__Data for this exercise__:

+++

private lemma om_cocone:
  assumes bc: "b \<in> S" "c \<in> S" "(b, c) \<in> r"
  shows "cmp C (om c) (TW b c) = om b"
proof (rule pushout_uniq[OF W_po[rule_format, OF bc(1)]])
  show "cmp C (cmp C (om c) (TW b c)) (lW b) = cmp C (om b) (lW b)"
    using typing_at[OF bc(1)] typing_at[OF bc(2)] transition_at[OF bc] by (simp add: comp_assoc)
  show "cmp C (cmp C (om c) (TW b c)) (qW b) = cmp C (om b) (qW b)"
    using typing_at[OF bc(1)] typing_at[OF bc(2)] transition_at[OF bc] Y_colimD(2-4)[OF bc(2)] Y_colimD(5)[OF bc] P_arrs
    by (simp add: comp_assoc comp_whisker[OF typing_at(15)[OF bc(2)]])
qed (use typing_at[OF bc(1)] typing_at[OF bc(2)] transition_at[OF bc] in simp_all)

private lemma mu_lW_const:
  assumes mu: "\<forall>b\<in>S. mu b \<in> hom C (W b) Q"
    and mu_cocone: "\<forall>b\<in>S. \<forall>c\<in>S. (b, c) \<in> r \<longrightarrow> cmp C (mu c) (TW b c) = mu b"
    and b: "b \<in> S"
  shows "cmp C (mu b) (lW b) = cmp C (mu s) (lW s)"
proof -
  have "cmp C (mu d) (lW d) = cmp C (mu e) (lW e)" if de: "d \<in> S" "e \<in> S" "(d, e) \<in> r" for d e
    using typing_at[OF de(1)] transition_at[OF de] mu de mu_cocone[rule_format, OF de, symmetric]
    by (simp add: comp_assoc hom_iff)
  then show ?thesis using total b s by metis
qed

private lemma mu_qW_cocone:
  assumes mu: "\<forall>b\<in>S. mu b \<in> hom C (W b) Q"
    and mu_cocone: "\<forall>b\<in>S. \<forall>c\<in>S. (b, c) \<in> r \<longrightarrow> cmp C (mu c) (TW b c) = mu b"
  shows "\<forall>b\<in>S. \<forall>c\<in>S. (b, c) \<in> r \<longrightarrow> cmp C (cmp C (mu c) (qW c)) (TY b c) = cmp C (mu b) (qW b)"
proof (intro ballI impI)
  fix b c assume bc: "b \<in> S" "c \<in> S" "(b, c) \<in> r"
  have "mu c \<in> arr C" "cdom C (mu c) = W c" using mu bc(2) by (simp_all add: hom_iff)
  then show "cmp C (cmp C (mu c) (qW c)) (TY b c) = cmp C (mu b) (qW b)"
    using typing_at[OF bc(1)] typing_at[OF bc(2)] transition_at(1-10)[OF bc]
    by (simp add: comp_assoc comp_whisker[OF mu_cocone[rule_format, OF bc]] flip: transition_at(11)[OF bc])
qed

private lemma mediating_map:
  assumes Q: "Q \<in> obj C" and mu: "\<forall>b\<in>S. mu b \<in> hom C (W b) Q"
    and mu_cocone: "\<forall>b\<in>S. \<forall>c\<in>S. (b, c) \<in> r \<longrightarrow> cmp C (mu c) (TW b c) = mu b"
  obtains w where "w \<in> arr C" "cdom C w = ccod C lP" "ccod C w = Q" "\<forall>b\<in>S. cmp C w (om b) = mu b"
proof -
  have mu_arr: "mu b \<in> arr C" "cdom C (mu b) = W b" "ccod C (mu b) = Q" if "b \<in> S" for b
    using mu that unfolding hom_iff by blast+
  define mZ where "mZ = cmp C (mu s) (lW s)"
  note mZ = mu_lW_const[OF mu mu_cocone, folded mZ_def]
  define nu where "nu b = cmp C (mu b) (qW b)" for b
  have nu: "\<forall>b\<in>S. nu b \<in> hom C (Y b) Q"
    unfolding nu_def hom_iff using mu_arr typing_at by simp
  define mY where "mY = colim_map C S LY lamY Q nu"
  note mY = colim_map[OF Y_colim Q nu mu_qW_cocone[OF mu mu_cocone, folded nu_def], folded mY_def]
  have s_arrs: "mu s \<in> arr C" "cdom C (mu s) = W s" "ccod C (mu s) = Q"
    "lW s \<in> arr C" "cdom C (lW s) = Z" "ccod C (lW s) = W s"
    using mu_arr[OF s] typing_at[OF s] by simp_all
  have P_cocone: "cmp C mZ a = cmp C mY pL"
  proof (rule chain_colimit_uniq[OF X_colim])
    show "\<forall>b\<in>S. \<forall>c\<in>S. (b, c) \<in> r \<longrightarrow> TX b c \<in> arr C \<and> ccod C (TX b c) = X c"
      using TX by (simp add: hom_iff)
    show "\<forall>b\<in>S. cmp C (cmp C mZ a) (lamX b) = cmp C (cmp C mY pL) (lamX b)"
    proof
      fix b assume b: "b \<in> S"
      show "cmp C (cmp C mZ a) (lamX b) = cmp C (cmp C mY pL) (lamX b)"
        using typing_at[OF b] mu_arr[OF b] X_colimD(2-4)[OF b] Y_colimD(2-4)[OF b] mY s_arrs P_arrs
        by (simp add: comp_assoc pL(2) b comp_whisker[OF mY(4)[OF b]] nu_def
            comp_whisker3[OF typing_at(10)[OF b]] flip: mZ[OF b])
    qed
  qed (use s_arrs mY P_arrs in \<open>simp_all add: mZ_def\<close>)
  define w where "w = copair C lP qP mZ mY"
  have w: "w \<in> arr C" "cdom C w = ccod C lP" "ccod C w = Q" "cmp C w lP = mZ" "cmp C w qP = mY"
    unfolding w_def using copair[OF P_po _ mY(1) _ _ _ P_cocone] s_arrs mY P_arrs
    by (simp_all add: mZ_def)
  have "cmp C w (om b) = mu b" if b: "b \<in> S" for b
  proof (rule pushout_uniq[OF W_po[rule_format, OF b]])
    show "cmp C (cmp C w (om b)) (lW b) = cmp C (mu b) (lW b)"
      using typing_at[OF b] w mZ[OF b] by (simp add: comp_assoc)
    show "cmp C (cmp C w (om b)) (qW b) = cmp C (mu b) (qW b)"
      using typing_at[OF b] w mY(4)[OF b] Y_colimD(2-4)[OF b] P_arrs
      by (simp add: comp_assoc comp_whisker[OF w(5)] nu_def)
  qed (use typing_at[OF b] w mu_arr[OF b] in simp_all)
  then show ?thesis using that w by blast
qed

private lemma mediating_unique:
  assumes w1: "w1 \<in> arr C" "cdom C w1 = ccod C lP" and w2: "w2 \<in> arr C" "cdom C w2 = ccod C lP"
    and cod: "ccod C w1 = ccod C w2" and eq: "\<forall>b\<in>S. cmp C w1 (om b) = cmp C w2 (om b)"
  shows "w1 = w2"
proof (rule pushout_uniq[OF P_po])
  show "cmp C w1 lP = cmp C w2 lP"
    using typing_at(1-13)[OF s] w1 w2
    by (simp add: comp_assoc comp_whisker[OF eq[rule_format, OF s]] flip: typing_at(14)[OF s])
  show "cmp C w1 qP = cmp C w2 qP"
  proof (rule chain_colimit_uniq[OF Y_colim])
    show "\<forall>b\<in>S. \<forall>c\<in>S. (b, c) \<in> r \<longrightarrow> TY b c \<in> arr C \<and> ccod C (TY b c) = Y c"
      using TY by (simp add: hom_iff)
    show "\<forall>b\<in>S. cmp C (cmp C w1 qP) (lamY b) = cmp C (cmp C w2 qP) (lamY b)"
    proof
      fix b assume b: "b \<in> S"
      show "cmp C (cmp C w1 qP) (lamY b) = cmp C (cmp C w2 qP) (lamY b)"
        using typing_at(1-14)[OF b] w1 w2 Y_colimD(2-4)[OF b] P_arrs
        by (simp add: comp_assoc comp_whisker[OF eq[rule_format, OF b]] flip: typing_at(15)[OF b])
    qed
  qed (use w1 w2 cod P_arrs in simp_all)
qed (use w1 w2 cod P_arrs in simp_all)

lemma chain_colimit_pushout: "chain_colimit C r S W TW (ccod C lP) om"
  unfolding chain_colimit_def
proof (intro conjI ballI allI impI)
  show "ccod C lP \<in> obj C" using P_arrs cod_obj by blast
  show "om b \<in> hom C (W b) (ccod C lP)" if "b \<in> S" for b using om that by blast
  show "cmp C (om c) (TW b c) = om b" if "b \<in> S" "c \<in> S" "(b, c) \<in> r" for b c
    using om_cocone that by blast
  fix Q mu
  assume "Q \<in> obj C \<and> (\<forall>b\<in>S. mu b \<in> hom C (W b) Q) \<and>
    (\<forall>b\<in>S. \<forall>c\<in>S. (b, c) \<in> r \<longrightarrow> cmp C (mu c) (TW b c) = mu b)"
  then obtain w where w: "w \<in> arr C" "cdom C w = ccod C lP" "ccod C w = Q" "\<forall>b\<in>S. cmp C w (om b) = mu b"
    using mediating_map by blast
  show "\<exists>!w. w \<in> hom C (ccod C lP) Q \<and> (\<forall>b\<in>S. cmp C w (om b) = mu b)"
  proof (rule ex1I[of _ w])
    fix w' assume "w' \<in> hom C (ccod C lP) Q \<and> (\<forall>b\<in>S. cmp C w' (om b) = mu b)"
    then show "w' = w" using mediating_unique[of w' w] w by (simp add: hom_iff)
  qed (use w in \<open>simp add: hom_iff\<close>)
qed

end

end

section \<open>The construction\<close>

context
  includes cardinal_syntax
begin

lemma inj_square_into_infinite:
  assumes "infinite (UNIV :: 'x set)" and "inj (e :: 'i \<Rightarrow> 'x)"
  shows "\<exists>e' :: 'i \<times> 'i \<Rightarrow> 'x. inj e'"
proof -
  have "|UNIV :: ('i \<times> 'i) set| \<le>o |UNIV :: 'x set|"
  proof (cases "finite (UNIV :: 'i set)")
    case True
    then have "finite (UNIV :: ('i \<times> 'i) set)" by (metis UNIV_Times_UNIV finite_cartesian_product)
    then show ?thesis
      using assms(1) finite_ordLess_infinite[OF card_of_Well_order card_of_Well_order]
        Field_card_of ordLess_imp_ordLeq by metis
  next
    case False
    have "|UNIV \<times> UNIV :: ('i \<times> 'i) set| =o |UNIV :: 'i set|"
      using card_of_Times_same_infinite[OF False] .
    moreover have "|UNIV :: 'i set| \<le>o |UNIV :: 'x set|"
      using assms(2) card_of_ordLeq by blast
    ultimately show ?thesis using ordIso_ordLeq_trans by fastforce
  qed
  then show ?thesis using card_of_ordLeq[of "UNIV :: ('i \<times> 'i) set" "UNIV :: 'x set"] by blast
qed

end

locale Phi_cof_sequence = cocomplete_cat C index_type
  for C :: "('o, 'm) cat" and index_type :: "'x itself" +
  fixes I :: "'m set" and r :: "'i rel" and X :: "'i \<Rightarrow> 'o" and T :: "'i \<Rightarrow> 'i \<Rightarrow> 'm"
    and L :: 'o and lam :: "'i \<Rightarrow> 'm" and b0 :: 'i
  assumes small_index: "\<exists>e :: 'i \<Rightarrow> 'x. inj e"
    and well_order: "Well_order r" and b0: "b0 \<in> Field r" and b0_least: "\<forall>b\<in>Field r. (b0, b) \<in> r"
    and X_seq: "tseq C (base_changes C (Phi C I)) r X T"
    and X_colim: "chain_colimit C r (Field r) X T L lam"
begin

lemma r_refl: "a \<in> Field r \<Longrightarrow> (a, a) \<in> r"
  using wo_rel.REFL[OF wo_rel.intro[OF well_order]] unfolding refl_on_def by blast

lemma r_trans: "trans r"
  using wo_rel.TRANS[OF wo_rel.intro[OF well_order]] .

lemma r_antisym: "(a, b) \<in> r \<Longrightarrow> (b, a) \<in> r \<Longrightarrow> a = b"
  using wo_rel.ANTISYM[OF wo_rel.intro[OF well_order]] unfolding antisym_def by blast

lemma r_total: "a \<in> Field r \<Longrightarrow> b \<in> Field r \<Longrightarrow> (a, b) \<in> r \<or> (b, a) \<in> r"
  using wo_rel.TOTALS[OF wo_rel.intro[OF well_order]] by blast

lemma immediate_succ_unique: "immediate_succ r b c \<Longrightarrow> immediate_succ r b' c \<Longrightarrow> b = b'"
  unfolding immediate_succ_def using r_total FieldI1 by metis

lemma immediate_succ_below: "immediate_succ r b c \<Longrightarrow> (a, c) \<in> r \<Longrightarrow> a \<noteq> c \<Longrightarrow> (a, b) \<in> r"
  unfolding immediate_succ_def using r_total FieldI1 r_refl by metis

lemma below_b0: "(a, b0) \<in> r \<Longrightarrow> a = b0"
  using r_antisym b0_least FieldI1[of a b0 r] by blast

lemma limit_point_iff: "limit_point r c \<longleftrightarrow> c \<in> Field r \<and> c \<noteq> b0 \<and> \<not> (\<exists>b. immediate_succ r b c)"
  unfolding limit_point_def using b0_least below_b0 by blast

lemma pair_index_embedding: "\<exists>e :: 'i \<times> 'i \<Rightarrow> 'x. inj e"
  using small_index inj_square_into_infinite[OF infinite_index] by blast

lemma X_obj: "b \<in> Field r \<Longrightarrow> X b \<in> obj C"
  and T_arr: "(b, c) \<in> r \<Longrightarrow> T b c \<in> arr C" "(b, c) \<in> r \<Longrightarrow> cdom C (T b c) = X b"
    "(b, c) \<in> r \<Longrightarrow> ccod C (T b c) = X c"
  and T_id: "b \<in> Field r \<Longrightarrow> T b b = idt C (X b)"
  and T_comp: "(b, c) \<in> r \<Longrightarrow> (c, d) \<in> r \<Longrightarrow> cmp C (T c d) (T b c) = T b d"
  and X_continuous: "limit_point r c \<Longrightarrow> chain_colimit C r (underS r c) X T (X c) (\<lambda>b. T b c)"
  using X_seq unfolding tseq_def hom_iff by blast+

lemma L_obj: "L \<in> obj C"
  and lam_arr: "b \<in> Field r \<Longrightarrow> lam b \<in> arr C" "b \<in> Field r \<Longrightarrow> cdom C (lam b) = X b"
    "b \<in> Field r \<Longrightarrow> ccod C (lam b) = L"
  using chain_colimitD[OF X_colim] by blast+

lemma lam_T: "(b, c) \<in> r \<Longrightarrow> cmp C (lam c) (T b c) = lam b"
  using chain_colimitD(5)[OF X_colim FieldI1 FieldI2] .

definition predecessor :: "'i \<Rightarrow> 'i" where
  "predecessor c = (THE b. immediate_succ r b c)"

lemma predecessor_eq: "immediate_succ r b c \<Longrightarrow> predecessor c = b"
  unfolding predecessor_def using immediate_succ_unique by blast

text \<open>At a successor \<open>c\<close>, \<open>T (predecessor c) c\<close> is the base change of \<open>cell c : A \<rightarrow> B\<close> in \<open>\<Phi>(I)\<close> along
  \<open>attach c : A \<rightarrow> X (predecessor c)\<close>; \<open>ext c : B \<rightarrow> K\<close> witnesses \<open>cell c \<in> \<Phi>(I)\<close>.\<close>

definition cell_data :: "'i \<Rightarrow> 'm \<times> 'm \<times> 'm" where
  "cell_data c = (SOME (g, u, g'). g \<in> Phi C I \<and> is_pushout C g u (T (predecessor c) c) g')"

definition cell :: "'i \<Rightarrow> 'm" where "cell c = fst (cell_data c)"
definition attach :: "'i \<Rightarrow> 'm" where "attach c = fst (snd (cell_data c))"
definition cell_in :: "'i \<Rightarrow> 'm" where "cell_in c = snd (snd (cell_data c))"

+++

Within the listing above, extract exactly the lines from the line with "qed (use typing_at[OF bc(1)]" to the line with "define nu where", the two named lines included, and no others.

qed (use typing_at[OF bc(1)] typing_at[OF bc(2)] transition_at[OF bc] in simp_all)

private lemma mu_lW_const:
  assumes mu: "\<forall>b\<in>S. mu b \<in> hom C (W b) Q"
    and mu_cocone: "\<forall>b\<in>S. \<forall>c\<in>S. (b, c) \<in> r \<longrightarrow> cmp C (mu c) (TW b c) = mu b"
    and b: "b \<in> S"
  shows "cmp C (mu b) (lW b) = cmp C (mu s) (lW s)"
proof -
  have "cmp C (mu d) (lW d) = cmp C (mu e) (lW e)" if de: "d \<in> S" "e \<in> S" "(d, e) \<in> r" for d e
    using typing_at[OF de(1)] transition_at[OF de] mu de mu_cocone[rule_format, OF de, symmetric]
    by (simp add: comp_assoc hom_iff)
  then show ?thesis using total b s by metis
qed

private lemma mu_qW_cocone:
  assumes mu: "\<forall>b\<in>S. mu b \<in> hom C (W b) Q"
    and mu_cocone: "\<forall>b\<in>S. \<forall>c\<in>S. (b, c) \<in> r \<longrightarrow> cmp C (mu c) (TW b c) = mu b"
  shows "\<forall>b\<in>S. \<forall>c\<in>S. (b, c) \<in> r \<longrightarrow> cmp C (cmp C (mu c) (qW c)) (TY b c) = cmp C (mu b) (qW b)"
proof (intro ballI impI)
  fix b c assume bc: "b \<in> S" "c \<in> S" "(b, c) \<in> r"
  have "mu c \<in> arr C" "cdom C (mu c) = W c" using mu bc(2) by (simp_all add: hom_iff)
  then show "cmp C (cmp C (mu c) (qW c)) (TY b c) = cmp C (mu b) (qW b)"
    using typing_at[OF bc(1)] typing_at[OF bc(2)] transition_at(1-10)[OF bc]
    by (simp add: comp_assoc comp_whisker[OF mu_cocone[rule_format, OF bc]] flip: transition_at(11)[OF bc])
qed

private lemma mediating_map:
  assumes Q: "Q \<in> obj C" and mu: "\<forall>b\<in>S. mu b \<in> hom C (W b) Q"
    and mu_cocone: "\<forall>b\<in>S. \<forall>c\<in>S. (b, c) \<in> r \<longrightarrow> cmp C (mu c) (TW b c) = mu b"
  obtains w where "w \<in> arr C" "cdom C w = ccod C lP" "ccod C w = Q" "\<forall>b\<in>S. cmp C w (om b) = mu b"
proof -
  have mu_arr: "mu b \<in> arr C" "cdom C (mu b) = W b" "ccod C (mu b) = Q" if "b \<in> S" for b
    using mu that unfolding hom_iff by blast+
  define mZ where "mZ = cmp C (mu s) (lW s)"
  note mZ = mu_lW_const[OF mu mu_cocone, folded mZ_def]
  define nu where "nu b = cmp C (mu b) (qW b)" for b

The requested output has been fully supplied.